Le paysan obéit. Nhan Diep poussa un profond soupir, battit des
paupières et s’éveilla, lentement, comme si elle sortait d’un profond
sommeil. Puis elle s’assit dans le cercueil, se dressa et l’enjamba, prête à
s’en aller.
— Ne partez pas si vite, dit le génie. N’oubliez jamais que c’est grâce à
votre mari que vous vous retrouvez en vie. Soyez pour lui une bonne
épouse. Et profitez tous deux de votre bonheur.
Ngoc Tam était pressé de rentrer chez lui avec sa femme et de reprendre
sa vie de travail. Il avançait aussi vite qu’il pouvait sur la rivière, à force de
rames, de nuit comme de jour. Pourtant, un soir, il dut s’arrêter dans un port
et partir, seul, dans les ruelles, acheter des provisions. Quand il revint sur le
quai, les bras chargés de paquets, son sampan était vide, Nhan Diep avait
disparu.
Il la chercha partout désespérément. Il la retrouva au bout d’un mois.

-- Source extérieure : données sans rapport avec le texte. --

lemma eval_fps_pos_of_nonvanishing:
  fixes f :: "real fps"
  assumes radius: "ereal R \<le> fps_conv_radius f" and "0 < fps_nth f 0"
    and nonzero: "\<And>x. \<bar>x\<bar> < R \<Longrightarrow> eval_fps f x \<noteq> 0" and "\<bar>t\<bar> < R"
  shows "0 < eval_fps f t"
proof (rule ccontr)
  assume "\<not> 0 < eval_fps f t"
  then have zero_between: "0 \<in> closed_segment (eval_fps f 0) (eval_fps f t)"
    using \<open>0 < fps_nth f 0\<close> by (simp add: eval_fps_at_0 closed_segment_eq_real_ivl)
  have segment: "closed_segment 0 t \<subseteq> ball 0 R"
    using \<open>\<bar>t\<bar> < R\<close> by (intro closed_segment_subset) auto
  have "ball (0 :: real) R \<subseteq> eball 0 (fps_conv_radius f)"
  proof
    fix x :: real
    assume "x \<in> ball 0 R"
    then show "x \<in> eball 0 (fps_conv_radius f)"
      using norm_less_fps_conv_radius[OF radius, of x] by simp
  qed
  then have "continuous_on (closed_segment 0 t) (eval_fps f)"
    using segment by (intro continuous_on_subset[OF continuous_on_eval_fps]) simp
  then obtain x where "x \<in> closed_segment 0 t" "eval_fps f x = 0"
    using IVT'_closed_segment_real[of 0 "eval_fps f", OF zero_between] by blast
  then show False
    using segment nonzero by auto
qed

definition recip_sqrt_gf :: "real fps" where
  "recip_sqrt_gf = 2 * signed_gf + geometric_fps"

lemma fps_nth_recip_sqrt_gf: "fps_nth recip_sqrt_gf n = 2 * signed_count n + 1"
  by (simp add: recip_sqrt_gf_def geometric_fps_def signed_count_eq_fps_nth numeral_fps_const)

lemma fps_conv_radius_signed_gf: "ereal (1 / 2) \<le> fps_conv_radius signed_gf"
  using abs_signed_count_le
  by (intro fps_conv_radius_ge_of_coeff_bound[where C = 1]) (simp_all add: signed_count_eq_fps_nth)

lemma fps_conv_radius_recip_sqrt_gf: "ereal (1 / 2) \<le> fps_conv_radius recip_sqrt_gf"
proof (rule fps_conv_radius_ge_of_coeff_bound[where C = 3])
  show "norm (fps_nth recip_sqrt_gf n) \<le> 3 * 2 ^ n" for n
    using abs_signed_count_le[of n] one_le_power[of "2::real" n]
    unfolding fps_nth_recip_sqrt_gf real_norm_def by arith
qed simp

lemma eval_recip_sqrt_gf:
  assumes "\<bar>t\<bar> < 1 / 2"
  shows "eval_fps recip_sqrt_gf t = 1 / sqrt (poly radicand_poly t)"
proof -
  have radius: "ereal (norm x) < fps_conv_radius recip_sqrt_gf" if "\<bar>x\<bar> < 1 / 2" for x :: real
    using norm_less_fps_conv_radius[OF fps_conv_radius_recip_sqrt_gf] that by simp
  have identity: "recip_sqrt_gf ^ 2 * fps_of_poly radicand_poly = 1"
    using signed_gf_closed_form unfolding recip_sqrt_gf_def sqrt_disc_square_eq_radicand_poly[symmetric]
    by (simp add: power_mult_distrib[symmetric])
  have square: "eval_fps recip_sqrt_gf x ^ 2 * poly radicand_poly x = 1" if "\<bar>x\<bar> < 1 / 2" for x
  proof -
    have "eval_fps recip_sqrt_gf x ^ 2 * poly radicand_poly x = eval_fps (recip_sqrt_gf ^ 2 * fps_of_poly radicand_poly) x"
      using radius[OF that] by (simp add: eval_fps_mult eval_fps_power less_le_trans[OF _ fps_conv_radius_power])
    then show ?thesis
      by (simp add: identity)
  qed
  have positive: "0 < eval_fps recip_sqrt_gf t"
  proof (rule eval_fps_pos_of_nonvanishing[OF fps_conv_radius_recip_sqrt_gf])
    show "0 < fps_nth recip_sqrt_gf 0"
      by (simp add: fps_nth_recip_sqrt_gf signed_count_0)
    show "eval_fps recip_sqrt_gf x \<noteq> 0" if "\<bar>x\<bar> < 1 / 2" for x
      using square[OF that] by auto
  qed (rule assms)
  then have "poly radicand_poly t = (1 / eval_fps recip_sqrt_gf t) ^ 2"
    using square[OF assms] by (simp add: field_simps)
  then show ?thesis
    using positive by simp
qed

theorem mainTheorem1:
  shows "\<exists>r>0. \<forall>t::real. \<bar>t\<bar> < r \<longrightarrow>
    (\<lambda>n. Delta n * (2 * t) ^ n) sums
      (1/2 * (1 / sqrt ((1 - t) * (1 - 2 * t) * (2 * t^2 + t + 1))) - 1/2 * (1 / (1 - t)))"
proof (intro exI[of _ "1/2"] conjI allI impI)
  fix t :: real
  assume t: "\<bar>t\<bar> < 1 / 2"
  then have radius: "ereal (norm t) < fps_conv_radius f" if "ereal (1 / 2) \<le> fps_conv_radius f" for f :: "real fps"
    using norm_less_fps_conv_radius[OF that] by simp
  have coeffs: "Delta n * (2 * t) ^ n = signed_count n * t ^ n" for n
    by (simp add: Delta_eq_signed_count[symmetric] power_mult_distrib)
  have signed_sums: "(\<lambda>n. signed_count n * t ^ n) sums eval_fps signed_gf t"
    using sums_eval_fps[OF radius[OF fps_conv_radius_signed_gf]] by (simp add: signed_count_eq_fps_nth)
  then have "(\<lambda>n. (2 * signed_count n + 1) * t ^ n) sums (2 * eval_fps signed_gf t + 1 / (1 - t))"
    using sums_add[OF sums_mult[OF signed_sums, of 2] geometric_sums[of t]] t by (simp add: algebra_simps)
  then have "2 * eval_fps signed_gf t + 1 / (1 - t) = 1 / sqrt (poly radicand_poly t)"
    using sums_eval_fps[OF radius[OF fps_conv_radius_recip_sqrt_gf]] eval_recip_sqrt_gf[OF t]
    by (simp add: fps_nth_recip_sqrt_gf sums_unique2)
  then have "eval_fps signed_gf t = 1/2 * (1 / sqrt (poly radicand_poly t)) - 1/2 * (1 / (1 - t))"
    by linarith
  then show "(\<lambda>n. Delta n * (2 * t) ^ n) sums
      (1/2 * (1 / sqrt ((1 - t) * (1 - 2 * t) * (2 * t^2 + t + 1))) - 1/2 * (1 / (1 - t)))"
    using signed_sums unfolding coeffs poly_radicand_poly by simp
qed simp

end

Quand son mari avait laissé Nhan Diep seule pour se rendre dans le
port, un riche marchand avait amarré son bateau à côté du sampan. Attiré
par la beauté de la jeune femme, il l’avait invitée à monter à son bord pour
prendre le thé. Et tandis qu’elle trempait ses lèvres dans une tasse de
porcelaine fine, ornée de dragons rouges et de nuages d’or, il avait fait
mettre les voiles.
Nhan Diep s’était habituée à mener une vie de luxe, elle avait autant de
robes et de bijoux qu’elle voulait. Elle n’était pas du tout enchantée que son
ancien mari l’ait retrouvée. Pourquoi retourner travailler dans un champ de
mûriers, avec un paysan qui sentait la sueur ?… Fi donc ! Elle ne repartirait
pas avec Ngoc Tam et le lui fit clairement savoir.
Comme le dit le poète :
Le fleuve le plus profond,
Tu peux toujours le sonder.
Mais le fond d’un cœur perfide,
Qui pourra jamais l’atteindre ?

Alors Ngoc Tam réalisa qui était vraiment sa femme et sentit son amour
pour elle le quitter, comme un vêtement qu’on ôte et qui tombe à terre.

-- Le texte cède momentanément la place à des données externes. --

(* Let $M \ge 2$ be an integer, $\mathcal A \subset \{0,\dots,M-1\}$ nonempty, $\chi \in C_c^\infty((0,1);[0,1])$, $\delta = \log|\mathcal A|/\log M$, and let $N = KM$ with $K \in \mathbb N$. Let $\ell \le \frac{\log N}{\log M}$ be a positive integer and let $d_1,\dots,d_\ell$ be real numbers with $$0 < \frac{d_j}{N} \le \frac{2}{M} d(\operatorname{supp}\chi, 0), \qquad j = 1,\dots,\ell.$$ Then there exist a Fourier multiplier $A : \ell^2_N \to \ell^2_N$ (i.e. $A = \mathcal F_N^* D \mathcal F_N$ with $D$ diagonal) and families of operators $Z(\lambda), \mathcal R(\lambda) : \ell^2_N \to \ell^2_N$, $\lambda \in \mathbb C \setminus \{0\}$, such that $$I = Z(\lambda)(B_N - \lambda) + \mathcal R(\lambda) + A,$$ and 1. $\displaystyle \|\mathcal R(\lambda)\|_{\ell^2_N\to\ell^2_N} \le \sum_{j=0}^{\ell-1} |\lambda|^{-j-1} \tilde g_\chi(d_{\ell-j})$, where $\tilde g_\chi:(0,\infty)\to[0,\infty)$ is a function satisfying: for every $n$ there is $C_n>0$ with $\tilde g_\chi(x)\le C_n x^{-n}$, and if $\chi \in \mathcal G^s_c((0,1))$ for some $s>1$ then $\tilde g_\chi(x) \le Ce^{-cx^{1/s}}$ for some $C,c>0$, all constants depending only on $\chi$; 2. $\displaystyle \operatorname{rank} A \le 2 M^{\ell\delta}\Big[\frac{N}{M^\ell} + 2\sum_{k=1}^{\ell}\frac{d_k}{M^{\ell-k}}\Big]$.
   Context: For $N \in \mathbb N$, $\mathbb Z_N \simeq \{0,\dots,N-1\}$, $\ell^2_N = \ell^2(\mathbb Z_N)$, and $\mathcal F_N u(j) = N^{-1/2}\sum_{m=0}^{N-1} e^{-2\pi i jm/N} u(m)$. For $N = KM$ and $a \in \{0,\dots,M-1\}$, $\Pi_a:\ell^2_N\to\ell^2_K$, $\Pi_a u(j) = u(j+aK)$, and the quantum open baker's map is $B_N = \sum_{a \in \mathcal A} \mathcal F_N^*\Pi_a^* \chi_K \mathcal F_K \chi_K \Pi_a$ with $\chi_K$ multiplication by $j\mapsto\chi(j/K)$ on $\ell^2_K$. On $[0,1]$ with $0,1$ identified, $d(x,y)=\min\{|x-y|,1-|x-y|\}$ and $d(U,V)=\inf_{x\in U,y\in V}d(x,y)$. $\mathcal G^s_c((0,1))$ ($s>1$) is the set of $f\in C_c^\infty(\mathbb R)$, $\operatorname{supp} f\subset(0,1)$, such that for every compact $K'$ there is $C_{K',f}$ with $\sup_{K'}|\partial^\alpha f| \le C_{K',f}^{\alpha+1}(\alpha!)^s$ for all $\alpha\ge 0$. *)

theory Defs
  imports "HOL-Analysis.Analysis" "Jordan_Normal_Form.Schur_Decomposition" "Jordan_Normal_Form.DL_Rank"
begin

— Tu es libre, dit-il à Nhan Diep. À une condition : que tu me rendes
les trois gouttes de sang que j’ai versées pour te ressusciter. Coupe-toi le
bout du doigt.
Soulagée de se débarrasser de son paysan de mari à si bon compte, la
jeune femme saisit un couteau et s’entailla le bout du doigt. Mais à peine la
première goutte de sang commençait-elle à perler que Nhan Diep pâlit,
chancela, s’affaissa sur le sol : elle était morte.

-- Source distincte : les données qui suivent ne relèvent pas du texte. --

(* Let $t=0$, $n\ge3$ and $1<\ell<n$. Consider the mTAZRP of type $\lambda$ on $n$ sites with parameters $x_1,\dots,x_n>0$, started at time $0$ from any configuration in which sites $\ell+1,\dots,n$ are empty. Then the law of the path $(W_s|_{[\ell]})_{s>0}$, where $W_s|_{[\ell]}=(W_s(1),\dots,W_s(\ell))$ is the configuration restricted to sites $1,\dots,\ell$, is unchanged when the parameters $x_{\ell+1},\dots,x_n$ are permuted (keeping $x_1,\dots,x_\ell$ fixed).
   Context: mTAZRP at $t=0$: for a partition $\lambda$, sites $1,\dots,n$ on a ring (site $n+1$ is site $1$); a configuration assigns to each site a multiset of species so that the union is the multiset of parts of $\lambda$ (larger label = stronger). With $t=0$, each nonempty site $j$, independently, at rate $x_j^{-1}$ sends one particle of the largest species present at $j$ to site $j+1$; empty sites do nothing. *)

theory Defs
  imports Complex_Main "HOL-Library.Multiset" "HOL-Combinatorics.Permutations"
begin

text \<open>mTAZRP at t = 0 on a ring of n sites 1..n. A configuration is a map
 eta :: nat => nat multiset (site |-> multiset of species), empty off {1..n},
 whose union over the sites is the multiset lam of parts of the partition.\<close>

definition nxt :: "nat \<Rightarrow> nat \<Rightarrow> nat" where
  "nxt n j = (if j = n then 1 else j + 1)"

definition Conf :: "nat \<Rightarrow> nat multiset \<Rightarrow> (nat \<Rightarrow> nat multiset) set" where
  "Conf n lam = {eta. (\<forall>j. j \<notin> {1..n} \<longrightarrow> eta j = {#}) \<and> (\<Sum>j\<in>{1..n}. eta j) = lam}"

definition step :: "nat \<Rightarrow> (nat \<Rightarrow> nat multiset) \<Rightarrow> nat \<Rightarrow> (nat \<Rightarrow> nat multiset)" where
  "step n eta j = (let m = Max_mset (eta j); eta1 = eta(j := eta j - {#m#})
                   in eta1(nxt n j := eta1 (nxt n j) + {#m#}))"

definition rate :: "nat \<Rightarrow> (nat \<Rightarrow> real) \<Rightarrow> (nat \<Rightarrow> nat multiset) \<Rightarrow> (nat \<Rightarrow> nat multiset) \<Rightarrow> real" where
  "rate n x eta eta' = (\<Sum>j\<in>{1..n}. if eta j \<noteq> {#} \<and> step n eta j = eta' then 1 / x j else 0)"

definition gen :: "nat \<Rightarrow> nat multiset \<Rightarrow> (nat \<Rightarrow> real) \<Rightarrow> (nat \<Rightarrow> nat multiset) \<Rightarrow> (nat \<Rightarrow> nat multiset) \<Rightarrow> real" where
  "gen n lam x a b = (if a = b then - (\<Sum>c\<in>Conf n lam - {a}. rate n x a c) else rate n x a b)"

fun matpow :: "'s set \<Rightarrow> ('s \<Rightarrow> 's \<Rightarrow> real) \<Rightarrow> nat \<Rightarrow> 's \<Rightarrow> 's \<Rightarrow> real" where
  "matpow S Q 0 a b = (if a = b then 1 else 0)"
| "matpow S Q (Suc k) a b = (\<Sum>c\<in>S. Q a c * matpow S Q k c b)"

definition transp :: "'s set \<Rightarrow> ('s \<Rightarrow> 's \<Rightarrow> real) \<Rightarrow> real \<Rightarrow> 's \<Rightarrow> 's \<Rightarrow> real" where
  "transp S Q t a b = (\<Sum>k. t ^ k / fact k * matpow S Q k a b)"

definition restr :: "nat \<Rightarrow> (nat \<Rightarrow> nat multiset) \<Rightarrow> nat multiset list" where
  "restr l eta = map eta [1..<l+1]"

text \<open>Finite-dimensional distributions of the restricted process:
 fdd S Q l a s [(t1,c1),...,(tk,ck)] = P(W_{t_i}|[l] = c_i for all i | W_s = a).\<close>
fun fdd :: "(nat \<Rightarrow> nat multiset) set \<Rightarrow> ((nat \<Rightarrow> nat multiset) \<Rightarrow> (nat \<Rightarrow> nat multiset) \<Rightarrow> real)
            \<Rightarrow> nat \<Rightarrow> (nat \<Rightarrow> nat multiset) \<Rightarrow> real \<Rightarrow> (real \<times> nat multiset list) list \<Rightarrow> real" where
  "fdd S Q l a s [] = 1"
| "fdd S Q l a s ((t, c) # rest) =
     (\<Sum>b\<in>{b\<in>S. restr l b = c}. transp S Q (t - s) a b * fdd S Q l b t rest)"

end

theory Submission
  imports Defs
begin

text \<open>Adjacent transpositions generate the permutations of \<open>{l+1..n}\<close>, so it suffices to
  exchange the parameters of two sites \<open>k\<close> and \<open>k+1\<close> with \<open>l < k < n\<close>. For such an exchange
  there is a stochastic kernel \<open>K\<close> intertwining the two generators, \<open>Q' K = K Q\<close>: it moves the
  \<open>i\<close> smallest particles of site \<open>k+1\<close> to site \<open>k\<close>, with \<open>i\<close> chosen with geometric weights in
  \<open>c = x (k+1) / x k\<close>. The intertwining passes to the semigroups \<open>exp (t Q)\<close> and, since \<open>K\<close>
  never changes sites \<open>1..l\<close>, to the finite-dimensional distributions of the restricted process.
  Finally \<open>K\<close> is the identity on configurations with site \<open>k+1\<close> empty, such as the initial one.\<close>

section \<open>Intertwining generators on a finite state space\<close>

definition mat_apply :: "'s set \<Rightarrow> ('s \<Rightarrow> 's \<Rightarrow> real) \<Rightarrow> ('s \<Rightarrow> real) \<Rightarrow> 's \<Rightarrow> real" where
  "mat_apply S M f a = (\<Sum>c\<in>S. M a c * f c)"

definition intertwines :: "'s set \<Rightarrow> ('s \<Rightarrow> 's \<Rightarrow> real) \<Rightarrow> ('s \<Rightarrow> 's \<Rightarrow> real) \<Rightarrow> ('s \<Rightarrow> 's \<Rightarrow> real) \<Rightarrow> bool" where
  "intertwines S Q' K Q \<longleftrightarrow>
     (\<forall>f. \<forall>a\<in>S. mat_apply S Q' (mat_apply S K f) a = mat_apply S K (mat_apply S Q f) a)"

lemma mat_apply_cong: "(\<And>c. c \<in> S \<Longrightarrow> f c = g c) \<Longrightarrow> mat_apply S M f a = mat_apply S M g a"
  unfolding mat_apply_def by (auto intro: sum.cong)

lemma sum_matpow_mult:
  assumes "finite S" "a \<in> S"
  shows "(\<Sum>b\<in>S. matpow S Q k a b * h b) = (mat_apply S Q ^^ k) h a"
  using assms(2)
proof (induction k arbitrary: a)
  case 0
  have "(\<Sum>b\<in>S. matpow S Q 0 a b * h b) = (\<Sum>b\<in>S. if a = b then h b else 0)"
    by (intro sum.cong) auto
  then show ?case using assms(1) 0 by simp
next
  case (Suc k)
  have "(\<Sum>b\<in>S. matpow S Q (Suc k) a b * h b) = (\<Sum>b\<in>S. \<Sum>c\<in>S. Q a c * matpow S Q k c b * h b)"
    by (simp add: sum_distrib_right mult.assoc)
  also have "\<dots> = (\<Sum>c\<in>S. Q a c * (\<Sum>b\<in>S. matpow S Q k c b * h b))"
    by (subst sum.swap) (simp add: sum_distrib_left mult.assoc)
  also have "\<dots> = mat_apply S Q ((mat_apply S Q ^^ k) h) a"
    unfolding mat_apply_def[of S Q "(mat_apply S Q ^^ k) h"] by (intro sum.cong refl) (simp add: Suc.IH)
  finally show ?case by simp
qed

Était-elle morte tout à fait ? Eh bien non, car, sous la forme d’un
moustique, elle poursuit son ancien mari et tout autre humain qu’elle
rencontre, et réclame encore et encore, afin de renaître à la vie, les trois
gouttes de sang qui lui manquent.
Hé là ! Dis-moi donc, moustique,
Pourquoi vrombis-tu ainsi ?
Te plaindrais-tu de la vie ?
Lit douillet, natte de jade,
Sont à ta disposition.
Joues de neige et lèvres roses,
Tu les goûtes à loisir.
L’innocence d’un enfant
Ne trouble pas ton plaisir.
Que nous soyons dans la peine
Ne te cause aucun tracas,
Quand tu as la panse pleine.
Mais enfin, prends garde à toi !
Si jamais une palmette
Vient me tomber sous la main,
Je frapperai avec joie
Et justice sera faite !
Le Windégo
Conte des Indiens Cree (Amérique du
Nord)

Avez-vous entendu parler du Windégo ? Si vous vous promenez dans les grandes
forêts du nord des États-Unis ou au Canada, vous en aurez sûrement une idée. Alors,
méfiez-vous ! Et méfiez-vous aussi des moustiques, qui pullulent au bord des lacs de
ces régions.
Savez-vous bien ce qu’est un Windégo ? Non ?… Un Windégo est un
monstre de pierre, qui habite dans les grandes forêts du nord de l’Amérique.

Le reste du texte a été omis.